LinkedIn Placements. While Lite is designed to get people using LinkedIn more on a daily basis, Placements is a service aimed at making LinkedIn more practical and useful for them.
Here, LinkedIn has partnered with HackerRank, as well as Aspiring Minds, Co-cubes and Wheebox, to develop an online test for users to show off their skills and interests, which are then matched up with a number of jobs being advertised on the site. You then proceed with the usual job finding process that involves interviews, references and more. There are some 50 jobs already up for Placements through the scheme in areas like software development, marketing and finance. (The emphasis initially seems to be software: HackerRank, which powers the first test, specialises in engineering and programming skills tests.)
Placements is an interesting development that touches several parts of LinkedIn’s bigger business strategy. The company has been moving very aggressively into online education services, spearheaded perhaps most obviously with its acquisition of Lynda.com, and this is an interesting development that ties in another way of using the online testing format to help boost another part of LinkedIn’s business.

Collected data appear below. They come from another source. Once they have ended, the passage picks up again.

lemma nn_integral_power_mult_powr:
  fixes c \<beta> :: real
  assumes "c > 0" "\<beta> > -1"
  shows "(\<integral>\<^sup>+t. ennreal (indicator {0..c} t * (t ^ k * (c - t) powr \<beta>)) \<partial>lborel)
    = ennreal (c powr (real k + \<beta> + 1) * Beta (real k + 1) (\<beta> + 1))"
proof -
  let ?B = "\<lambda>u. ennreal (indicator {0..1} u * (u powr (real k + 1 - 1) * (1 - u) powr (\<beta> + 1 - 1)))"
  have "(\<lambda>t. ennreal (indicator {0..c} t * (t ^ k * (c - t) powr \<beta>))) \<in> borel_measurable borel"
    by measurable
  from nn_integral_real_affine[OF this, of c 0]
  have "(\<integral>\<^sup>+t. ennreal (indicator {0..c} t * (t ^ k * (c - t) powr \<beta>)) \<partial>lborel)
      = ennreal c * (\<integral>\<^sup>+u. ennreal (indicator {0..c} (c * u) * ((c * u) ^ k * (c - c * u) powr \<beta>)) \<partial>lborel)"
    using assms(1) by simp
  also have "(\<integral>\<^sup>+u. ennreal (indicator {0..c} (c * u) * ((c * u) ^ k * (c - c * u) powr \<beta>)) \<partial>lborel)
      = (\<integral>\<^sup>+u. ennreal (c powr (real k + \<beta>)) * ?B u \<partial>lborel)"
  proof (rule nn_integral_cong_AE)
    show "AE u in lborel. ennreal (indicator {0..c} (c * u) * ((c * u) ^ k * (c - c * u) powr \<beta>))
        = ennreal (c powr (real k + \<beta>)) * ?B u"
      using AE_lborel_singleton[of 0]
    proof eventually_elim
      case (elim u)
      show ?case
      proof (cases "u \<in> {0..1}")
        case True
        with elim have "u > 0" by simp
        moreover have "c - c * u = c * (1 - u)"
          by (simp add: algebra_simps)
        ultimately show ?thesis
          using True assms(1)
          by (simp add: powr_realpow[symmetric] powr_mult powr_add ennreal_mult'[symmetric] mult_ac)
      next
        case False
        with assms(1) have "c * u \<notin> {0..c}"
          by (auto simp: zero_le_mult_iff)
        with False show ?thesis
          by simp
      qed
    qed
  qed
  also have "\<dots> = ennreal (c powr (real k + \<beta>)) * ennreal (Beta (real k + 1) (\<beta> + 1))"
    using nn_integral_Beta[of "real k + 1" "\<beta> + 1"] assms(2)
    by (simp add: nn_integral_cmult del: ennreal_mult)
  also have "ennreal c * \<dots> = ennreal (c powr (real k + \<beta> + 1) * Beta (real k + 1) (\<beta> + 1))"
    using assms by (simp add: Beta_def ennreal_mult[symmetric] powr_add mult_ac)
  finally show ?thesis .
qed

That other part, of course, is recruitment advertising, which today is the company’s biggest revenue driver. Right now, while LinkedIn is spreading the word about the Placement service to would-be jobseekers, it’s also encouraging businesses to place their ads on the platform to match up those people with positions.

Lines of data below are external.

lemma Fm_BigOr_iff: "BigOr I f \<in> Fm k G \<longleftrightarrow> |I| <o k \<and> f ` I \<subseteq> Fm k G"
  by (auto intro: Fm.FOr elim: Fm_BigOrE)

lemma prov_subset_Fm:
  assumes "prov k G L T \<Gamma> \<Delta>"
  shows "\<Gamma> \<subseteq> Fm k G \<and> \<Delta> \<subseteq> Fm k G"
  using assms
proof (induction rule: prov.induct)
  case (lf J h \<Gamma> \<Delta>)
  (* \<Gamma> \<subseteq> Fm k G comes from the premise for the empty finite set I *)
  then show ?case by (fastforce simp: Fm_BigOr_iff)
qed (auto simp: good_family_def Fm_BigAnd_iff Fm_BigOr_iff)

section \<open>Derived rules of the calculus\<close>

locale sequent_calculus =
  fixes k :: "'i rel" and G :: "'g set" and L :: "mfm set" and T :: "('g,'i) fm set"
begin

abbreviation derives :: "('g,'i) fm set \<Rightarrow> ('g,'i) fm set \<Rightarrow> bool" (infix "\<turnstile>" 50) where
  "\<Gamma> \<turnstile> \<Delta> \<equiv> prov k G L T \<Gamma> \<Delta>"

abbreviation entails :: "('g,'i) fm \<Rightarrow> ('g,'i) fm \<Rightarrow> bool" (infix "\<preceq>" 50) where
  "\<phi> \<preceq> \<psi> \<equiv> {\<phi>} \<turnstile> {\<psi>}"

lemma derives_Fm:
  assumes "\<Gamma> \<turnstile> \<Delta>"
  shows "\<Gamma> \<subseteq> Fm k G" "\<Delta> \<subseteq> Fm k G"
  using prov_subset_Fm[OF assms] by simp_all

lemma entails_Fm: "\<phi> \<preceq> \<psi> \<Longrightarrow> \<phi> \<in> Fm k G \<and> \<psi> \<in> Fm k G"
  using derives_Fm by blast

lemma derives_mono:
  assumes "\<Gamma> \<turnstile> \<Delta>" "\<Gamma> \<subseteq> \<Gamma>'" "\<Delta> \<subseteq> \<Delta>'" "\<Gamma>' \<subseteq> Fm k G" "\<Delta>' \<subseteq> Fm k G"
  shows "\<Gamma>' \<turnstile> \<Delta>'"
  using W[OF assms(1,4,5)] assms(2,3) by (simp add: sup_absorb2)

lemma derives_axiom:
  assumes "\<phi> \<in> \<Gamma>" "\<phi> \<in> \<Delta>" "\<Gamma> \<subseteq> Fm k G" "\<Delta> \<subseteq> Fm k G"
  shows "\<Gamma> \<turnstile> \<Delta>"
  using assms by (intro derives_mono[OF Ax[where \<phi> = \<phi>]]) auto

lemma entails_derivesI:
  assumes "\<phi> \<preceq> \<psi>" "\<phi> \<in> \<Gamma>" "\<psi> \<in> \<Delta>" "\<Gamma> \<subseteq> Fm k G" "\<Delta> \<subseteq> Fm k G"
  shows "\<Gamma> \<turnstile> \<Delta>"
  using assms by (intro derives_mono[OF assms(1)]) auto

lemma derives_cut:
  assumes "\<Gamma> \<turnstile> insert \<phi> \<Delta>" "insert \<phi> \<Gamma> \<turnstile> \<Delta>"
  shows "\<Gamma> \<turnstile> \<Delta>"
  using Cut[where \<Gamma> = \<Gamma> and \<Delta> = \<Delta> and S = "{\<phi>}" and \<Gamma>' = \<Gamma> and \<Delta>' = \<Delta>]
    assms derives_Fm[OF assms(1)] derives_Fm[OF assms(2)] by simp

lemma derives_NegL: "Neg \<phi> \<in> \<Gamma> \<Longrightarrow> \<Gamma> \<turnstile> insert \<phi> \<Delta> \<Longrightarrow> \<Gamma> \<turnstile> \<Delta>"
  using LNeg[where \<Gamma> = \<Gamma> and \<Delta> = \<Delta> and S = "{\<phi>}"] by (simp add: insert_absorb)

lemma derives_NegR: "Neg \<phi> \<in> \<Delta> \<Longrightarrow> insert \<phi> \<Gamma> \<turnstile> \<Delta> \<Longrightarrow> \<Gamma> \<turnstile> \<Delta>"
  using RNeg[where \<Gamma> = \<Gamma> and \<Delta> = \<Delta> and S = "{\<phi>}"] by (simp add: insert_absorb)

lemma good_family_singleton: "good_family k G {(I, f)} \<longleftrightarrow> |I| <o k \<and> f ` I \<subseteq> Fm k G"
  unfolding good_family_def by simp

lemma derives_BigAndL:
  assumes "BigAnd I f \<in> \<Gamma>" "f ` I \<union> \<Gamma> \<turnstile> \<Delta>"
  shows "\<Gamma> \<turnstile> \<Delta>"
  using LAnd[where F = "{(I, f)}" and \<Gamma> = \<Gamma> and \<Delta> = \<Delta>] assms derives_Fm(1)[OF assms(2)]
  by (auto simp: good_family_singleton Fm_BigAnd_iff insert_absorb)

In a market that may have a lot of self-taught programmers and others, it provides one way of trying to circumvent the normal course of students graduating from a particular university, or otherwise be overlooked in the job market. This also potentially gives LinkedIn a more central place in how it believes its platform can influence what Weiner has described as the “economic graph” of our society.
The other area where Placements will help LinkedIn’s bigger business is in getting more users to give it more information. Part of the scheme involves updating and filling out your own profile on the site before you take the online test, which will give LinkedIn a new opportunity to pick up fresh and accurate data about you.

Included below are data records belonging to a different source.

lemma colorings_nonempty: "colorings V s c \<noteq> {}"
proof -
  define T where "T = (SIGMA i:{1..s}. {..<c i})"
  have "card T = card V"
    using composition by (simp add: T_def composition_def)
  then obtain g where g: "bij_betw g V T"
    using finite_same_card_bij finite_V by (metis T_def finite_SigmaI finite_atLeastAtMost finite_lessThan)
  define f where "f v = (if v \<in> V then fst (g v) else undefined)" for v
  have class_card: "card {v\<in>V. f v = i} = c i" if "i \<in> {1..s}" for i
  proof -
    have "g ` {v\<in>V. f v = i} = {t\<in>T. fst t = i}"
      using bij_betw_imp_surj_on[OF g] by (force simp: f_def)
    also have "\<dots> = {i} \<times> {..<c i}"
      using that by (auto simp: T_def)
    finally have "bij_betw g {v\<in>V. f v = i} ({i} \<times> {..<c i})"
      by (rule bij_betw_subset[OF g, rotated]) auto
    then show ?thesis by (simp add: bij_betw_same_card)
  qed
  have "f \<in> V \<rightarrow>\<^sub>E {1..s}"
  proof (rule PiE_I)
    fix v assume "v \<in> V"
    then have "g v \<in> T" using bij_betwE[OF g] by blast
    then show "f v \<in> {1..s}" using \<open>v \<in> V\<close> by (cases "g v") (simp add: f_def T_def)
  qed (simp add: f_def)
  moreover have "f ` V = {1..s}"
  proof
    show "{1..s} \<subseteq> f ` V"
    proof
      fix i assume i: "i \<in> {1..s}"
      then have "card {v\<in>V. f v = i} \<noteq> 0"
        using class_card composition by (simp add: composition_def)
      then show "i \<in> f ` V" by (metis (mono_tags, lifting) card.empty empty_Collect_eq image_eqI)
    qed
  qed (use \<open>f \<in> V \<rightarrow>\<^sub>E {1..s}\<close> in auto)
  ultimately have "f \<in> colorings V s c"
    using class_card unfolding colorings_def by blast
  then show ?thesis by blast
qed

lemma comp_permutes_in_colorings:
  assumes \<pi>: "\<pi> permutes V" and f: "f \<in> colorings V s c"
  shows "f \<circ> \<pi> \<in> colorings V s c"
proof -
  have "f \<circ> \<pi> \<in> V \<rightarrow>\<^sub>E {1..s}"
  proof (rule PiE_I)
    show "(f \<circ> \<pi>) v \<in> {1..s}" if "v \<in> V" for v
      using coloring_range[OF f, of "\<pi> v"] permutes_in_image[OF \<pi>, of v] that by simp
    show "(f \<circ> \<pi>) v = undefined" if "v \<notin> V" for v
      using coloring_extensional[OF f that] permutes_not_in[OF \<pi> that] by simp
  qed
  moreover have "(f \<circ> \<pi>) ` V = {1..s}"
    using f by (simp only: image_comp[symmetric] permutes_image[OF \<pi>] colorings_def mem_Collect_eq)
  moreover have "card {v\<in>V. (f \<circ> \<pi>) v = i} = c i" if i: "i \<in> {1..s}" for i
  proof -
    have "\<pi> ` {v\<in>V. (f \<circ> \<pi>) v = i} = {u\<in>\<pi> ` V. f u = i}"
      by auto
    then have "bij_betw \<pi> {v\<in>V. (f \<circ> \<pi>) v = i} {v\<in>V. f v = i}"
      by (intro bij_betw_subset[OF permutes_imp_bij[OF \<pi>]]) (auto simp: permutes_image[OF \<pi>])
    then show ?thesis
      using card_color_class[OF f i] by (simp add: bij_betw_same_card)
  qed
  ultimately show ?thesis
    unfolding colorings_def by blast
qed

lemma card_colored_on_invariant:
  assumes "W \<in> disjoint_pairs V k1 k2" "W' \<in> disjoint_pairs V k1 k2"
  shows "card {f\<in>colorings V s c. colored_on i j W f} = card {f\<in>colorings V s c. colored_on i j W' f}"
proof -
  have le: "card {f\<in>colorings V s c. colored_on i j X f} \<le> card {f\<in>colorings V s c. colored_on i j Y f}"
    if X: "X \<in> disjoint_pairs V k1 k2" and Y: "Y \<in> disjoint_pairs V k1 k2" for X Y
  proof -
    obtain \<pi> where \<pi>: "\<pi> permutes V" "\<pi> ` fst Y = fst X" "\<pi> ` snd Y = snd X"
      using ex_permutes_map_disjoint_pair[OF finite_V, of "fst X" "snd X" "fst Y" "snd Y"] X Y
      by (auto simp: disjoint_pairs_def)
    have "(\<lambda>f. f \<circ> \<pi>) ` {f\<in>colorings V s c. colored_on i j X f}
        \<subseteq> {f\<in>colorings V s c. colored_on i j Y f}"
    proof (rule image_subsetI)
      fix f assume f: "f \<in> {f\<in>colorings V s c. colored_on i j X f}"
      have "\<pi> v \<in> fst X" if "v \<in> fst Y" for v using \<pi>(2) that by blast
      moreover have "\<pi> v \<in> snd X" if "v \<in> snd Y" for v using \<pi>(3) that by blast
      ultimately show "f \<circ> \<pi> \<in> {f\<in>colorings V s c. colored_on i j Y f}"
        using f comp_permutes_in_colorings[OF \<pi>(1)] by (auto simp: colored_on_def)
    qed
    moreover have "inj (\<lambda>f :: 'a \<Rightarrow> nat. f \<circ> \<pi>)"
    proof (rule injI)
      fix f g :: "'a \<Rightarrow> nat" assume "f \<circ> \<pi> = g \<circ> \<pi>"
      then have "f (\<pi> (inv \<pi> u)) = g (\<pi> (inv \<pi> u))" for u by (metis comp_apply)
      then show "f = g" by (simp add: permutes_inverses(1)[OF \<pi>(1)] ext)
    qed
    ultimately show ?thesis
      using finite_colorings by (intro card_inj_on_le[of "\<lambda>f. f \<circ> \<pi>"]) (auto intro: inj_on_subset)
  qed
  show ?thesis using le[OF assms] le[OF assms(2,1)] by (rule antisym)
qed

lemma card_colored_on_pairs:
  assumes f: "f \<in> colorings V s c" and i: "i \<in> {1..s}" and j: "k2 \<noteq> 0 \<Longrightarrow> j \<in> {1..s} - {i}"
  shows "card {W\<in>disjoint_pairs V k1 k2. colored_on i j W f} = (c i choose k1) * (c j choose k2)"
proof -
  have j': "j \<in> {1..s} - {i}" if "W2 \<subseteq> V" "W2 \<noteq> {}" "card W2 = k2" for W2
  proof -
    have "k2 \<noteq> 0" using that finite_subset[OF that(1) finite_V] by auto
    then show ?thesis by (rule j)
  qed
  have "{W\<in>disjoint_pairs V k1 k2. colored_on i j W f} =
      {W1. W1 \<subseteq> {v\<in>V. f v = i} \<and> card W1 = k1} \<times> {W2. W2 \<subseteq> {v\<in>V. f v = j} \<and> card W2 = k2}"
  proof (intro equalityI subsetI)
    fix W
    assume "W \<in> {W1. W1 \<subseteq> {v\<in>V. f v = i} \<and> card W1 = k1}
      \<times> {W2. W2 \<subseteq> {v\<in>V. f v = j} \<and> card W2 = k2}"
    then obtain W1 W2 where W: "W = (W1, W2)" "W1 \<subseteq> {v\<in>V. f v = i}" "card W1 = k1"
      "W2 \<subseteq> {v\<in>V. f v = j}" "card W2 = k2" by blast
    have "W1 \<inter> W2 = {}"
    proof (cases "W2 = {}")
      case False
      then have "j \<noteq> i" using j' W by blast
      then show ?thesis using W by blast
    qed simp
    then show "W \<in> {W\<in>disjoint_pairs V k1 k2. colored_on i j W f}"
      using W by (auto simp: disjoint_pairs_def colored_on_def)
  qed (auto simp: disjoint_pairs_def colored_on_def)
  then have "card {W\<in>disjoint_pairs V k1 k2. colored_on i j W f} =
      (card {v\<in>V. f v = i} choose k1) * (card {v\<in>V. f v = j} choose k2)"
    by (simp add: card_cartesian_product n_subsets finite_V)
  then show ?thesis
    using card_color_class[OF f] i j by (cases "k2 = 0") auto
qed

lemma card_colored_on_mult:
  assumes W: "W \<in> disjoint_pairs V k1 k2"
    and i: "i \<in> {1..s}" and j: "k2 \<noteq> 0 \<Longrightarrow> j \<in> {1..s} - {i}"
  shows "card {f\<in>colorings V s c. colored_on i j W f} * card (disjoint_pairs V k1 k2)
       = card (colorings V s c) * ((c i choose k1) * (c j choose k2))"
proof -
  have "card {f\<in>colorings V s c. colored_on i j W f} * card (disjoint_pairs V k1 k2)
      = (\<Sum>W'\<in>disjoint_pairs V k1 k2. card {f\<in>colorings V s c. colored_on i j W f})"
    by simp
  also have "\<dots> = (\<Sum>W'\<in>disjoint_pairs V k1 k2. card {f\<in>colorings V s c. colored_on i j W' f})"
    by (intro sum.cong refl card_colored_on_invariant[OF W])
  also have "\<dots> = (\<Sum>f\<in>colorings V s c. card {W'\<in>disjoint_pairs V k1 k2. colored_on i j W' f})"
    by (rule sum_card_filter_swap[OF finite_disjoint_pairs[OF finite_V] finite_colorings])
  also have "\<dots> = card (colorings V s c) * ((c i choose k1) * (c j choose k2))"
    using card_colored_on_pairs[OF _ i j] by simp
  finally show ?thesis .
qed

lemma prob_coloring_pmf:
  "measure_pmf.prob (coloring_pmf V s c) A = card (colorings V s c \<inter> A) / card (colorings V s c)"
  unfolding coloring_pmf_def by (rule measure_pmf_of_set[OF colorings_nonempty finite_colorings])

lemma prob_colored_on:
  assumes W: "W1 \<subseteq> V" "W2 \<subseteq> V" "W1 \<inter> W2 = {}"
    and i: "i \<in> {1..s}" and j: "W2 \<noteq> {} \<Longrightarrow> j \<in> {1..s} - {i}"
  shows "measure_pmf.prob (coloring_pmf V s c) {f. (\<forall>v\<in>W1. f v = i) \<and> (\<forall>v\<in>W2. f v = j)}
       = ffact (c i) (card W1) * ffact (c j) (card W2) / ffact (card V) (card W1 + card W2)"
proof -
  define k1 k2 where "k1 = card W1" and "k2 = card W2"
  have fin: "finite W1" "finite W2" using W(1,2) finite_subset finite_V by blast+
  have count: "card {f\<in>colorings V s c. colored_on i j (W1, W2) f} * card (disjoint_pairs V k1 k2)
       = card (colorings V s c) * ((c i choose k1) * (c j choose k2))"
    by (rule card_colored_on_mult) (use W i j fin in \<open>auto simp: disjoint_pairs_def k1_def k2_def\<close>)
  have "k1 + k2 \<le> card V"
    using card_mono[OF finite_V, of "W1 \<union> W2"] W fin by (simp add: card_Un_disjoint k1_def k2_def)
  then have "ffact (card V) (k1 + k2) = ffact (card V) k1 * ffact (card V - k1) k2"
    by (simp add: ffact_add of_nat_diff)
  also have "\<dots> = real (card (disjoint_pairs V k1 k2)) * (fact k1 * fact k2)"
    by (simp only: card_disjoint_pairs[OF finite_V] binomial_mult_fact_eq_ffact[symmetric] of_nat_mult ac_simps)
  finally have pairs: "real (card (disjoint_pairs V k1 k2)) * (fact k1 * fact k2) = ffact (card V) (k1 + k2)" ..
  have colors: "real ((c i choose k1) * (c j choose k2)) * (fact k1 * fact k2) = ffact (c i) k1 * ffact (c j) k2"
    by (simp add: binomial_mult_fact_eq_ffact[symmetric])
  have "real (card {f\<in>colorings V s c. colored_on i j (W1, W2) f}) * ffact (card V) (k1 + k2)
      = real (card (colorings V s c)) * (ffact (c i) k1 * ffact (c j) k2)"
    unfolding pairs[symmetric] colors[symmetric] using arg_cong[OF count, of real]
    by (simp only: of_nat_mult mult.assoc[symmetric])
  moreover have "ffact (card V) (k1 + k2) > 0"
    using \<open>k1 + k2 \<le> card V\<close> by (rule ffact_pos)
  moreover have "card (colorings V s c) > 0"
    using colorings_nonempty finite_colorings by (simp add: card_gt_0_iff)
  moreover have "colorings V s c \<inter> {f. (\<forall>v\<in>W1. f v = i) \<and> (\<forall>v\<in>W2. f v = j)}
      = {f\<in>colorings V s c. colored_on i j (W1, W2) f}"
    by (auto simp: colored_on_def)
  ultimately show ?thesis
    by (simp add: prob_coloring_pmf k1_def[symmetric] k2_def[symmetric] field_simps)
qed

Starter Pack. The last of these is less obvious for consumer users but is an interesting compendium to how LinkedIn hopes to grow its profile as a directory for businesses online, and potentially develop those relationships, too. The promise for the companies that build profiles on LinkedIn’s platform is that they can market themselves better: “Grow your Brand. Grow your Team. Grow your Influence,” is how LinkedIn describes it. More practically, it will give LinkedIn an avenue to court these companies for more recruitment and other ads; and perhaps down the line, after the deal with Microsoft closes, it will give it an avenue to sell more Microsoft products to them, too.
“India is a vital market for LinkedIn, as we work towards realising our vision of creating economic opportunity for every member of the global workforce,” said Akshay Kothari, Country Manager and Head of Product, LinkedIn India, in a statement. Kothari joined LinkedIn when the company acquired Pulse, the newsreading app he co-founded. “It’s already one of the world’s most important economies, and continues to experience strong GDP growth. While LinkedIn has grown multiple folds in India since we started operating here 6 years ago, there’s so much more we want to do here. We are committed to India and to boosting our ability to deliver value to even more members and be a part of their professional growth journey, by investing and innovating locally.”